RECORDS: Begin

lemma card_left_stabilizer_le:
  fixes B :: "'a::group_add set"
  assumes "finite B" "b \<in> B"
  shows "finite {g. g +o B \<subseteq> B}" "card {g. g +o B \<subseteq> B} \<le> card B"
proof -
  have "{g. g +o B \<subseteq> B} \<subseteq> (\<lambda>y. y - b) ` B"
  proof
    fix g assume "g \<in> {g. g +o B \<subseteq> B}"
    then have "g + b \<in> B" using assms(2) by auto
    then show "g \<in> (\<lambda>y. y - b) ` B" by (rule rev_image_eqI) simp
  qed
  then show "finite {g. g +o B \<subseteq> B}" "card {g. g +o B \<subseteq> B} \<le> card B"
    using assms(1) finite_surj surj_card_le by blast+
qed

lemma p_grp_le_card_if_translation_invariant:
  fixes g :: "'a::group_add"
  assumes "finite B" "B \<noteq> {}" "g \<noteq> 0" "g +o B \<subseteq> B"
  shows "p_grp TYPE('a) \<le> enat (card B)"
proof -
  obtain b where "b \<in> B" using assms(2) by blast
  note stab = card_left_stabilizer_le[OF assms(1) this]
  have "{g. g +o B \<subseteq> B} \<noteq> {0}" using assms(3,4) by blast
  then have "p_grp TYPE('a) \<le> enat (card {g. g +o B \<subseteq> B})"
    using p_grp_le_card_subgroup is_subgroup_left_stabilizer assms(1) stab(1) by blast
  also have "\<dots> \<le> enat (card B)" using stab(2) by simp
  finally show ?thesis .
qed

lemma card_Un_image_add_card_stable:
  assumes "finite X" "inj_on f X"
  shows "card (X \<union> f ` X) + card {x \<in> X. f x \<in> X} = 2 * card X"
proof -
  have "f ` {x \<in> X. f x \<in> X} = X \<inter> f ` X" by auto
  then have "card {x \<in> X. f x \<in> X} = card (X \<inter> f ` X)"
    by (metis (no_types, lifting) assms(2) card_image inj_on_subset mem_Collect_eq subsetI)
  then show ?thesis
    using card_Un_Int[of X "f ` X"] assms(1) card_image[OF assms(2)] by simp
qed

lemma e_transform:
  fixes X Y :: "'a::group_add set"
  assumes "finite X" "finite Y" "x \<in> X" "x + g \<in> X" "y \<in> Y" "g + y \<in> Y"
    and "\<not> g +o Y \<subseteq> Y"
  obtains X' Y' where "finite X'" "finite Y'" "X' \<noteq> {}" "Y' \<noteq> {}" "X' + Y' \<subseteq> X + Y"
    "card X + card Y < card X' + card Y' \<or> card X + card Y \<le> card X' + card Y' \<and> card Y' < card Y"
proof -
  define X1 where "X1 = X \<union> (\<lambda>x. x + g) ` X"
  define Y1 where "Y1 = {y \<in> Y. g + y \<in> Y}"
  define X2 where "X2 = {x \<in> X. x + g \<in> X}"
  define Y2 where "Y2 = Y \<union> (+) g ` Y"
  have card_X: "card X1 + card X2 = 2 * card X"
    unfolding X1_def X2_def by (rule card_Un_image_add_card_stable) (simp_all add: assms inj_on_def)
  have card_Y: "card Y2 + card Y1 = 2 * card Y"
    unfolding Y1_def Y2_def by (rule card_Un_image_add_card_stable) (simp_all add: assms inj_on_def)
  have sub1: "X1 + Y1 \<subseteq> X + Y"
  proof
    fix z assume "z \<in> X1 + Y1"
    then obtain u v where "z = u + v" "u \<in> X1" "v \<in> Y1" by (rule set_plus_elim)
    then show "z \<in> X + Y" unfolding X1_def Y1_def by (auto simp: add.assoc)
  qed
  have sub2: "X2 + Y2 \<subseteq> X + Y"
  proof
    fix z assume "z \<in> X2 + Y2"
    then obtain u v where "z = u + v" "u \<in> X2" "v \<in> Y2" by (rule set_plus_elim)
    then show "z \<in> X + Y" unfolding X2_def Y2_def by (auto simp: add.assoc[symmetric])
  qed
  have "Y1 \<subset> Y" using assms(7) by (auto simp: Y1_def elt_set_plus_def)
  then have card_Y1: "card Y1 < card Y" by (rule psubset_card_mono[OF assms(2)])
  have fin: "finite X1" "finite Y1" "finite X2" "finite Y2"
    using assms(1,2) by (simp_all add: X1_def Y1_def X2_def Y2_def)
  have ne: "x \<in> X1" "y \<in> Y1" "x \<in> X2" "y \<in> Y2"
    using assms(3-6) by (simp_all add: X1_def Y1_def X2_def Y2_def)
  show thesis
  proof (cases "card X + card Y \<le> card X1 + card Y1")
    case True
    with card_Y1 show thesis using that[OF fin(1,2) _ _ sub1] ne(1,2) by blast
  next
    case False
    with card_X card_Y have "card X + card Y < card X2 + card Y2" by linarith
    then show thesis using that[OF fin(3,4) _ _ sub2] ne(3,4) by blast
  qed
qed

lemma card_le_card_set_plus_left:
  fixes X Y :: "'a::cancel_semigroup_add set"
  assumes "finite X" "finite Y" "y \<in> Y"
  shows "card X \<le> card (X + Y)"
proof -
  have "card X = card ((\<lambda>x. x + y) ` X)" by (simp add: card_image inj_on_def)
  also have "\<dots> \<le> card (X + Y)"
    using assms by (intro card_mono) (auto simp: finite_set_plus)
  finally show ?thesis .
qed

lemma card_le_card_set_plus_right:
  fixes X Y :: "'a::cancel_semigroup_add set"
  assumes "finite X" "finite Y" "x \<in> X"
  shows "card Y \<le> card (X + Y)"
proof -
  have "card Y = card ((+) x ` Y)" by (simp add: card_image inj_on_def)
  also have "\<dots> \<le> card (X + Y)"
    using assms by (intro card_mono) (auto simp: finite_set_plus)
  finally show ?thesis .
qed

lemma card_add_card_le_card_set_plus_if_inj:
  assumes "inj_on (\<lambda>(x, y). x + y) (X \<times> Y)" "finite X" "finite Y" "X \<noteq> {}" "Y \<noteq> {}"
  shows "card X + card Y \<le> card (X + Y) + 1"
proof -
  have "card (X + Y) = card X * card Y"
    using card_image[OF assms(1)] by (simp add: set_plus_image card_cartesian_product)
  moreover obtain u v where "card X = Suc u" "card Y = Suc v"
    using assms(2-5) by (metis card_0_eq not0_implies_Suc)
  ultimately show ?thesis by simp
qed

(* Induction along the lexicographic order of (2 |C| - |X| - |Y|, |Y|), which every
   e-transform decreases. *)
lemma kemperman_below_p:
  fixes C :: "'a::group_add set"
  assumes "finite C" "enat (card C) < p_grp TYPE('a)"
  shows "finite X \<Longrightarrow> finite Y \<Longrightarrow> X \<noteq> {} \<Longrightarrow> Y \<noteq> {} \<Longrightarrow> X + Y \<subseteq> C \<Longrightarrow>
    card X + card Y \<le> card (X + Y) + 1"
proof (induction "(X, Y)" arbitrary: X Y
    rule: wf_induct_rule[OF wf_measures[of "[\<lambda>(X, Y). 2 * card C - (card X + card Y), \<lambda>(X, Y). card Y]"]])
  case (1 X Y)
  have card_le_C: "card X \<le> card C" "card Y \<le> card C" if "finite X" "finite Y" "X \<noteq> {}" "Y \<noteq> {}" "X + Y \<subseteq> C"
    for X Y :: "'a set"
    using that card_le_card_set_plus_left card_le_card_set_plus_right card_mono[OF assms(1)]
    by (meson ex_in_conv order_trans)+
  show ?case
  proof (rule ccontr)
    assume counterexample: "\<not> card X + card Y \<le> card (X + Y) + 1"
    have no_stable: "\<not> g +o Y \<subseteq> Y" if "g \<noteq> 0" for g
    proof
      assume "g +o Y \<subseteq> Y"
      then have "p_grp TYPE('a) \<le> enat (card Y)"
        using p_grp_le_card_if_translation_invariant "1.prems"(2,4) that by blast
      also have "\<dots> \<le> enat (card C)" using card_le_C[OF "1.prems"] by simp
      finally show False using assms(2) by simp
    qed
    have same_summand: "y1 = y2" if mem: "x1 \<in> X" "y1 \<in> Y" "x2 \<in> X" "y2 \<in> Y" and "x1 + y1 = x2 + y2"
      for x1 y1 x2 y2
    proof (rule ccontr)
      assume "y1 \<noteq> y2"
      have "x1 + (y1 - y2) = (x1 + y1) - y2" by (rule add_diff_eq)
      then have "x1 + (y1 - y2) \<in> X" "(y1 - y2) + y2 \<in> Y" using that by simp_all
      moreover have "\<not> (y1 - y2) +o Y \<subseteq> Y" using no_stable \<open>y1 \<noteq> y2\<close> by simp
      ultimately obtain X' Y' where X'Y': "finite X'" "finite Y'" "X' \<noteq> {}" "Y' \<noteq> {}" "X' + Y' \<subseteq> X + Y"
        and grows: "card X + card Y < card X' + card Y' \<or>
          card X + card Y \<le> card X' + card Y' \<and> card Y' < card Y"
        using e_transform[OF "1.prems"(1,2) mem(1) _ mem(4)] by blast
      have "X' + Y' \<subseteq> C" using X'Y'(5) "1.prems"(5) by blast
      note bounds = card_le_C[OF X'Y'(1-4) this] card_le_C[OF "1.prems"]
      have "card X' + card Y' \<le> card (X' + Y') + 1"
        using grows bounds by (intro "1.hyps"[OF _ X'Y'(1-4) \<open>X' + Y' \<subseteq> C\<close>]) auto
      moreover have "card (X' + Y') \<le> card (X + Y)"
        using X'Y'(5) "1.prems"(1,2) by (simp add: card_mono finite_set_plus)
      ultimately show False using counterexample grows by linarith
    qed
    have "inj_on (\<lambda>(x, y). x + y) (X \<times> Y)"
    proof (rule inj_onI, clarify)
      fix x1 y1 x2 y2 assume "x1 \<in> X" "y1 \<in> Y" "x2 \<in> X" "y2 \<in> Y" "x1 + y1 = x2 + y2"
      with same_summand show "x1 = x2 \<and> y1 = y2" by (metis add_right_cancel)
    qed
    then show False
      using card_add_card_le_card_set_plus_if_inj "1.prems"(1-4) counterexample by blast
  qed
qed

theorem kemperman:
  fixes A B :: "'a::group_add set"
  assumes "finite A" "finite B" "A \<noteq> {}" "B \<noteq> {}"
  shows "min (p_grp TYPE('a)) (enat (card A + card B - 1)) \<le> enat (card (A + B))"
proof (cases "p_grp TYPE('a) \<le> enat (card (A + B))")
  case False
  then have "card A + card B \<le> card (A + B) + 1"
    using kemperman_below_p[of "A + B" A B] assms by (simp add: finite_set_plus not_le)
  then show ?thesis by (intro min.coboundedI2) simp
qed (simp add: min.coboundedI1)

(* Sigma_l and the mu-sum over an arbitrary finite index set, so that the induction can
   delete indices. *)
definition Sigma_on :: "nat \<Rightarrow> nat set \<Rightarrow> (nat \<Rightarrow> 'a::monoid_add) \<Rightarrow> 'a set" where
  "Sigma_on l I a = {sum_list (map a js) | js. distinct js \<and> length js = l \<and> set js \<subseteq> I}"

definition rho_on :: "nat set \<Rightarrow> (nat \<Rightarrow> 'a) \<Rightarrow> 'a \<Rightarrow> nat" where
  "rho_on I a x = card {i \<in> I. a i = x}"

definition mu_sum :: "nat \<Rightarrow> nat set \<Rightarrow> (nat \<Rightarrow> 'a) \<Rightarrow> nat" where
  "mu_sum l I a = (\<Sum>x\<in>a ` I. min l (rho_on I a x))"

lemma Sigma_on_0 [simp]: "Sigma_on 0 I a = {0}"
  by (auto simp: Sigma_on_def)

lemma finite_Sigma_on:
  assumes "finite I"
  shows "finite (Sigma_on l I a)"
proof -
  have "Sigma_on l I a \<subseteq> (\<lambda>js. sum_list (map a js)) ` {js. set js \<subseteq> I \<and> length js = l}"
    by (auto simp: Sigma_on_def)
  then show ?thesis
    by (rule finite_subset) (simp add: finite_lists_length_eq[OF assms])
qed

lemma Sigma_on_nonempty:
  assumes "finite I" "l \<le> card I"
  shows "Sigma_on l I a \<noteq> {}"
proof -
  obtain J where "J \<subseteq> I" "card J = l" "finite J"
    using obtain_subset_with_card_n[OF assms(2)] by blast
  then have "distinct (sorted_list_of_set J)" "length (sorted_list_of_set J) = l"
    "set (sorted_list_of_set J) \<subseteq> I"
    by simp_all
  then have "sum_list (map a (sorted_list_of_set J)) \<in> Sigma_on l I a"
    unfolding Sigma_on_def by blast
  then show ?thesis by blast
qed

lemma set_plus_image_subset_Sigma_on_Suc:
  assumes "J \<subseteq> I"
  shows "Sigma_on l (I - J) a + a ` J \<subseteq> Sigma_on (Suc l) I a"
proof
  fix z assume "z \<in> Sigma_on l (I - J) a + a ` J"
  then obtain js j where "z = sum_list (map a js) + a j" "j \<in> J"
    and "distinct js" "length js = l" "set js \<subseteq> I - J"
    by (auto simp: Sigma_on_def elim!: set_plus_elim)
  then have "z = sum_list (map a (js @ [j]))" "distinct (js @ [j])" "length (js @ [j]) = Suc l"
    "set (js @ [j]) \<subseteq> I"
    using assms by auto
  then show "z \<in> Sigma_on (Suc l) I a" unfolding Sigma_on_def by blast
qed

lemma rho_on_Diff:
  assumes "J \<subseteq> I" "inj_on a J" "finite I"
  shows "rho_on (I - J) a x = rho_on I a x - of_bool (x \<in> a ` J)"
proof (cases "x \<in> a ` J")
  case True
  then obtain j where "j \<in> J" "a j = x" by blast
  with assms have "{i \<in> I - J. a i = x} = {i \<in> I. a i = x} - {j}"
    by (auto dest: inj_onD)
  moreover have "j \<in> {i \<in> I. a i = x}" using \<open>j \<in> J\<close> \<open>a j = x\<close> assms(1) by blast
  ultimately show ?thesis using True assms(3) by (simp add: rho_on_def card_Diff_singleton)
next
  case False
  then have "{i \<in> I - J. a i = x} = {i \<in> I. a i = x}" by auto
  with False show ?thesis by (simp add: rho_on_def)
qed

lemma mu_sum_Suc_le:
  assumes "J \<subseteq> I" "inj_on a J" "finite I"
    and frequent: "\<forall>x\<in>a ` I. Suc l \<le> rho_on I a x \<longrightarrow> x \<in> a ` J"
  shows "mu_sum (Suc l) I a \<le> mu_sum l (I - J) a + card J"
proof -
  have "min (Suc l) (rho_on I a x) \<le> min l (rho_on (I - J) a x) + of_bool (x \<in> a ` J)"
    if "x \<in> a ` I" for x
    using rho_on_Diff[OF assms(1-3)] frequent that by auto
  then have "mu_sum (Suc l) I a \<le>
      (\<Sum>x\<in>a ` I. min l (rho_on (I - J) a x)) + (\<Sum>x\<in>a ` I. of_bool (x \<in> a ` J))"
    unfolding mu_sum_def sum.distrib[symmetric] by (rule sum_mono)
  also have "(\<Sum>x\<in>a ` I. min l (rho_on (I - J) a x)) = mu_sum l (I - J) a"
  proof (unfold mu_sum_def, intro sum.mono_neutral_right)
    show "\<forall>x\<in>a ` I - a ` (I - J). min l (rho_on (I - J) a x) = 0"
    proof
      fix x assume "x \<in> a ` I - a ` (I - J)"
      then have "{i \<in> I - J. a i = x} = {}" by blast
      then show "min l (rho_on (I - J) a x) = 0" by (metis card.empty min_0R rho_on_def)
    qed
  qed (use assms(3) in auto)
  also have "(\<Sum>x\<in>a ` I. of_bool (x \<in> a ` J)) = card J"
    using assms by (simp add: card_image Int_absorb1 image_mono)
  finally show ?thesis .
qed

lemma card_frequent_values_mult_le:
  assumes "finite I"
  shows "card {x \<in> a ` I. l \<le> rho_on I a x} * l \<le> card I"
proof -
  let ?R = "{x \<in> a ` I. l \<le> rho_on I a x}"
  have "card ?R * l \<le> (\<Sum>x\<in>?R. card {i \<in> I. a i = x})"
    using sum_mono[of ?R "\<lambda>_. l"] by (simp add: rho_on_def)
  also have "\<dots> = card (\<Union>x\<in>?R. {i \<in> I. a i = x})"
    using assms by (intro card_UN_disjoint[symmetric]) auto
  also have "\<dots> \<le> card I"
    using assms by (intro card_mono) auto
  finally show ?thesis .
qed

RECORDS: End

▸ PROBLEM DESCRIPTION
The required answer is the run of lines above, starting at the line with "Y \<subseteq> C \<Longrightarrow>" and ending at the line with "case (1 X Y)", reproduced exactly with both ends.

▸ ANSWER SECTION
  shows "finite X \<Longrightarrow> finite Y \<Longrightarrow> X \<noteq> {} \<Longrightarrow> Y \<noteq> {} \<Longrightarrow> X + Y \<subseteq> C \<Longrightarrow>
    card X + card Y \<le> card (X + Y) + 1"
proof (induction "(X, Y)" arbitrary: X Y
    rule: wf_induct_rule[OF wf_measures[of "[\<lambda>(X, Y). 2 * card C - (card X + card Y), \<lambda>(X, Y). card Y]"]])
  case (1 X Y)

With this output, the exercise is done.